The steps should be as follow :
* Split Data
* Fit Data preparation on train dataset
* Apply Data preparation to train and test dataset
* Evaluate models

#### Data preparation with train and test sets

In [3]:
# Prepare a Classification dataset
from sklearn.datasets import make_classification

# define dataset 
X, y = make_classification(n_samples = 1000, n_features=20, n_informative=15, n_redundant=5,random_state=12)

# summarize the dataset
print(X.shape, y.shape)

(1000, 20) (1000,)


#### Train-test evaluation with Naive data preparation

In [4]:
# Standardize the data set
from sklearn.preprocessing import MinMaxScaler
scaler = MinMaxScaler()
X = scaler.fit_transform(X)


In [5]:
# split data into train and test
from sklearn.model_selection import train_test_split
X_train, X_test, y_train, y_test = train_test_split(X, y, test_size=0.33, random_state=12)

In [6]:
# fit the model
from sklearn.linear_model import LogisticRegression
model = LogisticRegression()
model.fit(X_train, y_train)

In [7]:
# evaluate the model
y_hat = model.predict(X_test)

# evaluate predictions
from sklearn.metrics import accuracy_score
accuracy = accuracy_score(y_test, y_hat)
print("Accuracy is %s" %(round(accuracy*100,2)))

Accuracy is 78.18


#### Train-test evaluation with Correct Data Preparation

In [8]:
from sklearn.datasets import make_classification
from sklearn.model_selection import train_test_split
from sklearn.preprocessing import MinMaxScaler
from sklearn.linear_model import LogisticRegression
from sklearn.metrics import accuracy_score

# create dataset
X, y = make_classification(n_samples = 1000, n_features = 20, n_informative=15, n_redundant=5, random_state=1)

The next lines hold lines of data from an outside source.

text \<open>Move the split point right as long as some vertex of \<open>Q\<close> is not prefix-rich and at least
  \<open>p\<^sup>2\<close> vertices over \<open>Q\<close> stay outside the prefix; at the last such point the other two
  conditions of balance hold as well.\<close>

lemma balanced_split_exists:
  assumes Q: "Q \<subseteq> VT" "card Q \<ge> p + 1"
  shows "\<exists>k\<le>length SV. balanced Q k"
proof -
  have fin: "finite Q" using Q(1) finite_VT finite_subset by blast
  have big: "2 * p\<^sup>2 \<le> card Q * m" using double_square_le_mult Q(2) m_ge by simp
  define P where "P k \<longleftrightarrow> k \<le> length SV \<and> (\<exists>u\<in>Q. \<not> prefix_rich k u) \<and> outside_prefix Q k \<ge> p\<^sup>2" for k
  have bounded: "P k \<Longrightarrow> k \<le> length SV" for k unfolding P_def by simp
  have "\<not> prefix_rich 0 u" for u unfolding prefix_rich_def outside_prefix_def using m_ge by simp
  moreover have "outside_prefix Q 0 = card Q * m" unfolding outside_prefix_def by (simp add: card_cartesian_product)
  moreover have "Q \<noteq> {}" using Q(2) by auto
  ultimately have "P 0" unfolding P_def using big by auto
  define k where "k = (GREATEST k. P k)"
  have "P k" unfolding k_def using GreatestI_nat[of P 0 "length SV"] \<open>P 0\<close> bounded by blast
  then have k: "k \<le> length SV" and u: "\<exists>u\<in>Q. \<not> prefix_rich k u" and prefix: "outside_prefix Q k \<ge> p\<^sup>2"
    unfolding P_def by blast+
  have not_P: "\<not> P (Suc k)" using Greatest_le_nat[of P "Suc k" "length SV"] bounded unfolding k_def by fastforce
  consider "k = length SV" | "k < length SV" "outside_prefix Q (Suc k) < p\<^sup>2"
    | "k < length SV" "\<forall>u\<in>Q. prefix_rich (Suc k) u"
    using k not_P unfolding P_def by fastforce
  then have "balanced Q k"
  proof cases
    case 1
    then have "outside_suffix {v} k = m" for v unfolding outside_suffix_def by simp
    then have "\<forall>v. \<not> suffix_rich k v" using m_ge unfolding suffix_rich_def by simp
    moreover have "outside_suffix Q k = card Q * m" using 1 unfolding outside_suffix_def by (simp add: card_cartesian_product)
    ultimately show ?thesis unfolding balanced_def using u prefix Q(2) big by auto
  next
    case 2
    then have "outside_prefix Q k = p\<^sup>2" using outside_prefix_le_Suc[OF 2(1) fin] prefix by simp
    then show ?thesis using balanced_if_outside_prefix_eq[OF Q] u by blast
  next
    case 3
    have "prefix_rich k v" if "v \<in> Q - {fst (SV ! k)}" for v
    proof -
      have "SV ! k \<notin> {v} \<times> {1..m}" using that by auto
      then have "{v} \<times> {1..m} - pre k = {v} \<times> {1..m} - pre (Suc k)"
        using 3(1) by (auto simp: take_Suc_conv_app_nth)
      then show ?thesis using 3(2) that unfolding prefix_rich_def outside_prefix_def by auto
    qed
    then show ?thesis using balanced_if_almost_all_prefix_rich[OF Q] u prefix by blast
  qed
  with k show ?thesis by blast
qed
lemma linear_restrict_coords: "Vector_Spaces.linear (*s) (*s) (restrict_coords J)"
  by (auto simp: Vector_Spaces.linear_iff vec.vector_space_axioms vec_eq_iff)

lemma subspace_restrict_coords_image: "vec.subspace U \<Longrightarrow> vec.subspace (restrict_coords J ` U)"
  by (rule vec.linear_subspace_image[OF linear_restrict_coords])

lemma coord_subspace_insert:
  "v \<in> coord_subspace (insert i J) \<Longrightarrow> v $ i = 0 \<Longrightarrow> v \<in> coord_subspace J"
  by (auto simp: coord_subspace_def)

lemma restrict_coords_plus_axis:
  "v \<in> coord_subspace (insert i J) \<Longrightarrow> i \<notin> J \<Longrightarrow> v = restrict_coords J v + (v $ i) *s axis i 1"
  by (auto simp: vec_eq_iff coord_subspace_def axis_def)

definition has_coord_units :: "('a::field ^ 'n) set \<Rightarrow> 'n set \<Rightarrow> bool" where
  "has_coord_units U S \<longleftrightarrow> (\<forall>j\<in>S. \<exists>u\<in>U. u $ j = 1 \<and> (\<forall>j'\<in>S. j' \<noteq> j \<longrightarrow> u $ j' = 0))"

definition coords_determine :: "('a::field ^ 'n) set \<Rightarrow> 'n set \<Rightarrow> bool" where
  "coords_determine U S \<longleftrightarrow> (\<forall>u\<in>U. (\<forall>j\<in>S. u $ j = 0) \<longrightarrow> u = 0)"

definition pivot_set :: "('a::field ^ 'n) set \<Rightarrow> 'n set \<Rightarrow> bool" where
  "pivot_set U S \<longleftrightarrow> has_coord_units U S \<and> coords_determine U S"

lemma has_coord_unitsE:
  assumes "has_coord_units U S"
  obtains g where "\<And>j. j \<in> S \<Longrightarrow> g j \<in> U"
    and "\<And>j j'. j \<in> S \<Longrightarrow> j' \<in> S \<Longrightarrow> g j $ j' = (if j' = j then 1 else 0)"
proof -
  from assms obtain g where "\<forall>j\<in>S. g j \<in> U \<and> g j $ j = 1 \<and> (\<forall>j'\<in>S. j' \<noteq> j \<longrightarrow> g j $ j' = 0)"
    unfolding has_coord_units_def by metis
  then show ?thesis by (intro that) auto
qed

lemma sum_scaled_coord_units_nth:
  fixes g :: "'n::finite \<Rightarrow> 'a::field ^ 'n"
  assumes "k \<in> S" and "\<And>j. j \<in> S \<Longrightarrow> g j $ k = (if k = j then 1 else 0)"
  shows "(\<Sum>j\<in>S. h j *s g j) $ k = h k"
proof -
  have "(\<Sum>j\<in>S. h j *s g j) $ k = (\<Sum>j\<in>S. if j = k then h k else 0)"
    unfolding sum_component by (intro sum.cong) (auto simp: assms(2))
  then show ?thesis using assms(1) by simp
qed

lemma dim_eq_card_pivot_set:
  fixes U :: "('a::field ^ 'n::finite) set"
  assumes U: "vec.subspace U" and "pivot_set U S"
  shows "vec.dim U = card S"
proof -
  obtain g where g_in: "\<And>j. j \<in> S \<Longrightarrow> g j \<in> U"
    and g_nth: "\<And>j j'. j \<in> S \<Longrightarrow> j' \<in> S \<Longrightarrow> g j $ j' = (if j' = j then 1 else 0)"
    using assms(2) has_coord_unitsE unfolding pivot_set_def by blast
  have coord: "(\<Sum>j\<in>S. h j *s g j) $ k = h k" if "k \<in> S" for h k
    using that g_nth by (intro sum_scaled_coord_units_nth) auto
  have g_inj: "inj_on g S"
    by (rule inj_onI) (metis g_nth zero_neq_one)
  have "vec.independent (g ` S)"
  proof (rule vec.independent_if_scalars_zero)
    fix f x assume sum0: "(\<Sum>x\<in>g ` S. f x *s x) = 0" and "x \<in> g ` S"
    then obtain k where k: "k \<in> S" "x = g k" by auto
    have "(\<Sum>j\<in>S. f (g j) *s g j) = 0"
      using sum0 by (simp add: sum.reindex[OF g_inj])
    then show "f x = 0" using coord[OF k(1), of "f \<circ> g"] k by simp
  qed simp
  moreover have "U \<subseteq> vec.span (g ` S)"
  proof
    fix u assume u: "u \<in> U"
    let ?w = "\<Sum>j\<in>S. (u $ j) *s g j"
    have "?w \<in> U" using U g_in by (intro vec.subspace_sum vec.subspace_scale) auto
    then have "u - ?w \<in> U" using U u vec.subspace_diff by blast
    moreover have "\<forall>j\<in>S. (u - ?w) $ j = 0" using coord by simp
    ultimately have "u = ?w" using assms(2) unfolding pivot_set_def coords_determine_def by auto
    moreover have "?w \<in> vec.span (g ` S)"
      by (intro vec.span_sum vec.span_scale vec.span_base) auto
    ultimately show "u \<in> vec.span (g ` S)" by simp
  qed
  ultimately show ?thesis
    using g_in by (intro vec.dim_unique[of "g ` S"]) (auto simp: card_image[OF g_inj])
qed
lemma large_conj_iff: "large n (\<lambda>j xs. P j xs \<and> P' j xs) \<longleftrightarrow> large n P \<and> large n P'"
proof
  show "large n P \<and> large n P'" if "large n (\<lambda>j xs. P j xs \<and> P' j xs)"
    using large_mono[OF that] by blast
qed (use large_conj in blast)

lemma large_not_iff: "large n (\<lambda>j xs. \<not> P j xs) \<longleftrightarrow> \<not> large n P"
proof (induction n arbitrary: P)
  case 0
  have "{j \<in> J. \<not> P j []} = J - {j \<in> J. P j []}" by blast
  then show ?case using ultrafilter_on_Diff_iff[OF ultrafilter_G] by simp
next
  case (Suc n)
  have "{i \<in> I n. large n (\<lambda>j xs. \<not> P j (xs @ [i]))} = I n - {i \<in> I n. large n (\<lambda>j xs. P j (xs @ [i]))}"
    using Suc.IH by blast
  then show ?case using ultrafilter_on_Diff_iff[OF ultrafilter_F] by simp
qed

lemma large_take: "n \<le> N \<Longrightarrow> large N (\<lambda>j xs. P j (take n xs)) = large n P"
proof (induction N)
  case 0
  then show ?case by simp
next
  case (Suc N)
  show ?case
  proof (cases "n = Suc N")
    case True
    have "large n (\<lambda>j xs. P j (take n xs)) = large n P"
      by (rule Qlarge_cong) (simp add: length_vlists)
    with True show ?thesis by (simp only:)
  next
    case False
    with Suc.prems have "n \<le> N" by simp
    have "large N (\<lambda>j xs. P j (take n (xs @ [i]))) = large N (\<lambda>j xs. P j (take n xs))" for i
      using \<open>n \<le> N\<close> by (intro Qlarge_cong) (simp add: length_vlists)
    then have "large (Suc N) (\<lambda>j xs. P j (take n xs)) \<longleftrightarrow> {i \<in> I N. large n P} \<in> F N"
      using Suc.IH[OF \<open>n \<le> N\<close>] by simp
    then show ?thesis
      using ultrafilter_on_carrier[OF ultrafilter_F] ultrafilter_on_not_empty[OF ultrafilter_F]
      by (cases "large n P") auto
  qed
qed

lemma large_level:
  assumes "n \<le> N" and "\<And>j xs. n \<le> length xs \<Longrightarrow> P j xs = P j (take n xs)"
  shows "large N P = large n P"
proof -
  have "large N P = large N (\<lambda>j xs. P j (take n xs))"
    using assms by (intro Qlarge_cong) (metis length_vlists)
  then show ?thesis using large_take[OF assms(1)] by simp
qed

lemma large_const: "large n (\<lambda>j xs. P j) \<longleftrightarrow> {j \<in> J. P j} \<in> G"
  using large_level[of 0 n "\<lambda>j xs. P j"] by simp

# Divide data into train and test
X_train, X_test, y_train, y_test = train_test_split(X, y, test_size = 0.33, random_state = 1)

# Data normalization
scaler = MinMaxScaler()
scaler.fit(X_train)
X_train = scaler.transform(X_train)
X_test = scaler.transform(X_test)

# model building
model = LogisticRegression()
model.fit(X_train, y_train)

# Evaluating model
y_hat = model.predict(X_test)
Accuracy = accuracy_score(y_test, y_hat)
print("Accuracy is %s"%(round(Accuracy*100,2)))

Accuracy is 87.88


> We can clearly see that there is a considerable difference between a model with naive data preparation and model with correct data preparation

### Data preparation with K-Fold cross validation

#### Cross validation with naive data preparation

In [9]:
from numpy import mean, std
from sklearn.datasets import make_classification
from sklearn.preprocessing import MinMaxScaler
from sklearn.linear_model import LogisticRegression
from sklearn.model_selection import RepeatedStratifiedKFold
from sklearn.model_selection import cross_val_score
from sklearn.metrics import accuracy_score

# making a dataset
X, y = make_classification(n_samples=1000, n_features = 20, n_informative=15, n_redundant=5, random_state=123)

# data normalization
scaler = MinMaxScaler()
X_train = scaler.fit_transform(X)

# define the model
model = LogisticRegression()

# evaluating the model
cv = RepeatedStratifiedKFold(n_splits=10, n_repeats=3, random_state=1)

# evaluate the model using cross validation score
scores = cross_val_score(model, X_train, y, scoring = "accuracy", cv = cv, n_jobs=-1,)

# report performance
print("Accuracy is mean : %s, std : %s"%(round(mean(scores)*100,2),round(std(scores)*100,2)))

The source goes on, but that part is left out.